WORK INSTRUCTION – Word by word and line by line, write out all of the records.

Extracted data entries –

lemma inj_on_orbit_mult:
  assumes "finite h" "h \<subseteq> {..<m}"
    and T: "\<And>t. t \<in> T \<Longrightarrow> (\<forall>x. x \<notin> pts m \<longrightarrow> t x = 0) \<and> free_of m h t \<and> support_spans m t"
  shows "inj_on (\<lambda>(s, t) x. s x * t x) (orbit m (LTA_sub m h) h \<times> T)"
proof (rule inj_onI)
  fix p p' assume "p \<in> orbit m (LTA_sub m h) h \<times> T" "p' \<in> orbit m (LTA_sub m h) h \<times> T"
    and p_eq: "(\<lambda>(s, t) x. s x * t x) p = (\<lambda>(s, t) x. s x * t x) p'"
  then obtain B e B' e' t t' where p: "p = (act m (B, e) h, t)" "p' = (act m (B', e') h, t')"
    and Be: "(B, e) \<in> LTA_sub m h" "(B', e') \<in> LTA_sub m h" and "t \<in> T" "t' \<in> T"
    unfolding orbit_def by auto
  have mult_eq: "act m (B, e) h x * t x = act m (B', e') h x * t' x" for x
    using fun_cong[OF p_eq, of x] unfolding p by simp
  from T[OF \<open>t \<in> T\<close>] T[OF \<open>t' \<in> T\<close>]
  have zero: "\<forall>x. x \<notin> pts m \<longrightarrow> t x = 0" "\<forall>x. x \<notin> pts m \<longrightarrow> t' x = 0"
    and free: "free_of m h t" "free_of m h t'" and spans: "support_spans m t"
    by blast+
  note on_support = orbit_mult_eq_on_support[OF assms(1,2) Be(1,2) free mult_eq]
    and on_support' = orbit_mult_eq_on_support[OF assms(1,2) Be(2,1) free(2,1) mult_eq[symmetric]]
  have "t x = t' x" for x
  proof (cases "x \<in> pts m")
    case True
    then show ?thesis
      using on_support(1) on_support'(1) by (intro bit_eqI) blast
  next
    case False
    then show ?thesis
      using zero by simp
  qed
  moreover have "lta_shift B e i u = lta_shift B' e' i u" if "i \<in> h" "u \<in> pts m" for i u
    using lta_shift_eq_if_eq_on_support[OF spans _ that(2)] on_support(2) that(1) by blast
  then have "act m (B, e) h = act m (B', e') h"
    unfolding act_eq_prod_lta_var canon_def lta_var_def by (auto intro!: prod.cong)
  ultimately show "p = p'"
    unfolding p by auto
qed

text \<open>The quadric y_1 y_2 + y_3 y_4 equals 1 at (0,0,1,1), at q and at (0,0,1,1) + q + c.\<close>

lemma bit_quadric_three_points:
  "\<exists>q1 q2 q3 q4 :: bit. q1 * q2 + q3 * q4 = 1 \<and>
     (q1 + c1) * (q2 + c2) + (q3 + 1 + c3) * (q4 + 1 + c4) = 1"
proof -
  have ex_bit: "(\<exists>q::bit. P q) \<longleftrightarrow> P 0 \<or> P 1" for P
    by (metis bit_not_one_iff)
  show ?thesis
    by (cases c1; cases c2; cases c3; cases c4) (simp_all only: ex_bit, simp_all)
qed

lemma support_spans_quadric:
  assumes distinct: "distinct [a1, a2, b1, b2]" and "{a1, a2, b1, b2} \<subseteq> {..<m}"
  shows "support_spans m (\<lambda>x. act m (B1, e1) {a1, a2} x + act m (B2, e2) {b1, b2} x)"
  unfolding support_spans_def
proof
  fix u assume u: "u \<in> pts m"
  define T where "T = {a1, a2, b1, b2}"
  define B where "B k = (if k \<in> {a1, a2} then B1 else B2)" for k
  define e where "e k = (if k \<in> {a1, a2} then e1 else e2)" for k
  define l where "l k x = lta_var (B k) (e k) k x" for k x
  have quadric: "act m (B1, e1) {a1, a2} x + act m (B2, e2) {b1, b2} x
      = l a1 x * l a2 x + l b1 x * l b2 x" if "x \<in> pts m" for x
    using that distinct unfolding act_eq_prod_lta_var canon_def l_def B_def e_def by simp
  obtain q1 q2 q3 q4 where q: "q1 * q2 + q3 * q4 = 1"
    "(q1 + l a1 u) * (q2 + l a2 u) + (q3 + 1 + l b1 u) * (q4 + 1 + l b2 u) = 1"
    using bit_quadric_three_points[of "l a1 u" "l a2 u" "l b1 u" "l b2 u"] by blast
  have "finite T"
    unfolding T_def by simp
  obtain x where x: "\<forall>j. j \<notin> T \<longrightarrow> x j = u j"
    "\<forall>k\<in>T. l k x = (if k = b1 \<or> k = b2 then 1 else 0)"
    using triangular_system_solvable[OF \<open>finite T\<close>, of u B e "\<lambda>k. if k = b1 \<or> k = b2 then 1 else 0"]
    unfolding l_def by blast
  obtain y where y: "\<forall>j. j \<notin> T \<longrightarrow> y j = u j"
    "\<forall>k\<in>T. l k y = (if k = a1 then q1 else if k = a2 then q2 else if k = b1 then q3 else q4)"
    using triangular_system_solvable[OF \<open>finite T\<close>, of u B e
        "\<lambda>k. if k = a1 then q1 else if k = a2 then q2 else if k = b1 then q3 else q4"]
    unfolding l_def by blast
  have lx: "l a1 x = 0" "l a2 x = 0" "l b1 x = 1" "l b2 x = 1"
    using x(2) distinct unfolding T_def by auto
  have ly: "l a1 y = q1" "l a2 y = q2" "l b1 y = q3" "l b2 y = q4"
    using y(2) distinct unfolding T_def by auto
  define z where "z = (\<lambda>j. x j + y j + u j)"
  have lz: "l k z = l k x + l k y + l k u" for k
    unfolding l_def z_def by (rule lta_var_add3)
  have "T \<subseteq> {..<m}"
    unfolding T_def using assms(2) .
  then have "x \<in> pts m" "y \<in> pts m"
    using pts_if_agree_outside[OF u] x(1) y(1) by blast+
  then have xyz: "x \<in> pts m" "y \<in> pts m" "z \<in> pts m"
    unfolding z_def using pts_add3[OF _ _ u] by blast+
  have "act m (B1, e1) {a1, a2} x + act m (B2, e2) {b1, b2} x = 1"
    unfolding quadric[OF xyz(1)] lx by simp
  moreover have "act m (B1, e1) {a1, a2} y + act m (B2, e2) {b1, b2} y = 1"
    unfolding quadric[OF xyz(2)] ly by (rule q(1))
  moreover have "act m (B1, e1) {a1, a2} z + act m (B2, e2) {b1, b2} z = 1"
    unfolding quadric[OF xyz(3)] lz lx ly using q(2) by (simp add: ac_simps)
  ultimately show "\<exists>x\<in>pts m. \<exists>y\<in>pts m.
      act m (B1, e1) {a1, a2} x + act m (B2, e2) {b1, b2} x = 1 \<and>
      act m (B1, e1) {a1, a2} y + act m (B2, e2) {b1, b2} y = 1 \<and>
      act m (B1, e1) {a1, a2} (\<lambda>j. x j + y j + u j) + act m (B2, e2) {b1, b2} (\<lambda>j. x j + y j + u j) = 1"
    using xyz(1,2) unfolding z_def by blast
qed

TASK RESPONSE –
lemma inj_on_orbit_mult:
  assumes "finite h" "h \<subseteq> {..<m}"
    and T: "\<And>t. t \<in> T \<Longrightarrow> (\<forall>x. x \<notin> pts m \<longrightarrow> t x = 0) \<and> free_of m h t \<and> support_spans m t"
  shows "inj_on (\<lambda>(s, t) x. s x * t x) (orbit m (LTA_sub m h) h \<times> T)"
proof (rule inj_onI)
  fix p p' assume "p \<in> orbit m (LTA_sub m h) h \<times> T" "p' \<in> orbit m (LTA_sub m h) h \<times> T"
    and p_eq: "(\<lambda>(s, t) x. s x * t x) p = (\<lambda>(s, t) x. s x * t x) p'"
  then obtain B e B' e' t t' where p: "p = (act m (B, e) h, t)" "p' = (act m (B', e') h, t')"
    and Be: "(B, e) \<in> LTA_sub m h" "(B', e') \<in> LTA_sub m h" and "t \<in> T" "t' \<in> T"
    unfolding orbit_def by auto
  have mult_eq: "act m (B, e) h x * t x = act m (B', e') h x * t' x" for x
    using fun_cong[OF p_eq, of x] unfolding p by simp
  from T[OF \<open>t \<in> T\<close>] T[OF \<open>t' \<in> T\<close>]
  have zero: "\<forall>x. x \<notin> pts m \<longrightarrow> t x = 0" "\<forall>x. x \<notin> pts m \<longrightarrow> t' x = 0"
    and free: "free_of m h t" "free_of m h t'" and spans: "support_spans m t"
    by blast+
  note on_support = orbit_mult_eq_on_support[OF assms(1,2) Be(1,2) free mult_eq]
    and on_support' = orbit_mult_eq_on_support[OF assms(1,2) Be(2,1) free(2,1) mult_eq[symmetric]]
  have "t x = t' x" for x
  proof (cases "x \<in> pts m")
    case True
    then show ?thesis
      using on_support(1) on_support'(1) by (intro bit_eqI) blast
  next
    case False
    then show ?thesis
      using zero by simp
  qed
  moreover have "lta_shift B e i u = lta_shift B' e' i u" if "i \<in> h" "u \<in> pts m" for i u
    using lta_shift_eq_if_eq_on_support[OF spans _ that(2)] on_support(2) that(1) by blast
  then have "act m (B, e) h = act m (B', e') h"
    unfolding act_eq_prod_lta_var canon_def lta_var_def by (auto intro!: prod.cong)
  ultimately show "p = p'"
    unfolding p by auto
qed

text \<open>The quadric y_1 y_2 + y_3 y_4 equals 1 at (0,0,1,1), at q and at (0,0,1,1) + q + c.\<close>

lemma bit_quadric_three_points:
  "\<exists>q1 q2 q3 q4 :: bit. q1 * q2 + q3 * q4 = 1 \<and>
     (q1 + c1) * (q2 + c2) + (q3 + 1 + c3) * (q4 + 1 + c4) = 1"
proof -
  have ex_bit: "(\<exists>q::bit. P q) \<longleftrightarrow> P 0 \<or> P 1" for P
    by (metis bit_not_one_iff)
  show ?thesis
    by (cases c1; cases c2; cases c3; cases c4) (simp_all only: ex_bit, simp_all)
qed

lemma support_spans_quadric:
  assumes distinct: "distinct [a1, a2, b1, b2]" and "{a1, a2, b1, b2} \<subseteq> {..<m}"
  shows "support_spans m (\<lambda>x. act m (B1, e1) {a1, a2} x + act m (B2, e2) {b1, b2} x)"
  unfolding support_spans_def
proof
  fix u assume u: "u \<in> pts m"
  define T where "T = {a1, a2, b1, b2}"
  define B where "B k = (if k \<in> {a1, a2} then B1 else B2)" for k
  define e where "e k = (if k \<in> {a1, a2} then e1 else e2)" for k
  define l where "l k x = lta_var (B k) (e k) k x" for k x
  have quadric: "act m (B1, e1) {a1, a2} x + act m (B2, e2) {b1, b2} x
      = l a1 x * l a2 x + l b1 x * l b2 x" if "x \<in> pts m" for x
    using that distinct unfolding act_eq_prod_lta_var canon_def l_def B_def e_def by simp
  obtain q1 q2 q3 q4 where q: "q1 * q2 + q3 * q4 = 1"
    "(q1 + l a1 u) * (q2 + l a2 u) + (q3 + 1 + l b1 u) * (q4 + 1 + l b2 u) = 1"
    using bit_quadric_three_points[of "l a1 u" "l a2 u" "l b1 u" "l b2 u"] by blast
  have "finite T"
    unfolding T_def by simp
  obtain x where x: "\<forall>j. j \<notin> T \<longrightarrow> x j = u j"
    "\<forall>k\<in>T. l k x = (if k = b1 \<or> k = b2 then 1 else 0)"
    using triangular_system_solvable[OF \<open>finite T\<close>, of u B e "\<lambda>k. if k = b1 \<or> k = b2 then 1 else 0"]
    unfolding l_def by blast
  obtain y where y: "\<forall>j. j \<notin> T \<longrightarrow> y j = u j"
    "\<forall>k\<in>T. l k y = (if k = a1 then q1 else if k = a2 then q2 else if k = b1 then q3 else q4)"
    using triangular_system_solvable[OF \<open>finite T\<close>, of u B e
        "\<lambda>k. if k = a1 then q1 else if k = a2 then q2 else if k = b1 then q3 else q4"]
    unfolding l_def by blast
  have lx: "l a1 x = 0" "l a2 x = 0" "l b1 x = 1" "l b2 x = 1"
    using x(2) distinct unfolding T_def by auto
  have ly: "l a1 y = q1" "l a2 y = q2" "l b1 y = q3" "l b2 y = q4"
    using y(2) distinct unfolding T_def by auto
  define z where "z = (\<lambda>j. x j + y j + u j)"
  have lz: "l k z = l k x + l k y + l k u" for k
    unfolding l_def z_def by (rule lta_var_add3)
  have "T \<subseteq> {..<m}"
    unfolding T_def using assms(2) .
  then have "x \<in> pts m" "y \<in> pts m"
    using pts_if_agree_outside[OF u] x(1) y(1) by blast+
  then have xyz: "x \<in> pts m" "y \<in> pts m" "z \<in> pts m"
    unfolding z_def using pts_add3[OF _ _ u] by blast+
  have "act m (B1, e1) {a1, a2} x + act m (B2, e2) {b1, b2} x = 1"
    unfolding quadric[OF xyz(1)] lx by simp
  moreover have "act m (B1, e1) {a1, a2} y + act m (B2, e2) {b1, b2} y = 1"
    unfolding quadric[OF xyz(2)] ly by (rule q(1))
  moreover have "act m (B1, e1) {a1, a2} z + act m (B2, e2) {b1, b2} z = 1"
    unfolding quadric[OF xyz(3)] lz lx ly using q(2) by (simp add: ac_simps)
  ultimately show "\<exists>x\<in>pts m. \<exists>y\<in>pts m.
      act m (B1, e1) {a1, a2} x + act m (B2, e2) {b1, b2} x = 1 \<and>
      act m (B1, e1) {a1, a2} y + act m (B2, e2) {b1, b2} y = 1 \<and>
      act m (B1, e1) {a1, a2} (\<lambda>j. x j + y j + u j) + act m (B2, e2) {b1, b2} (\<lambda>j. x j + y j + u j) = 1"
    using xyz(1,2) unfolding z_def by blast
qed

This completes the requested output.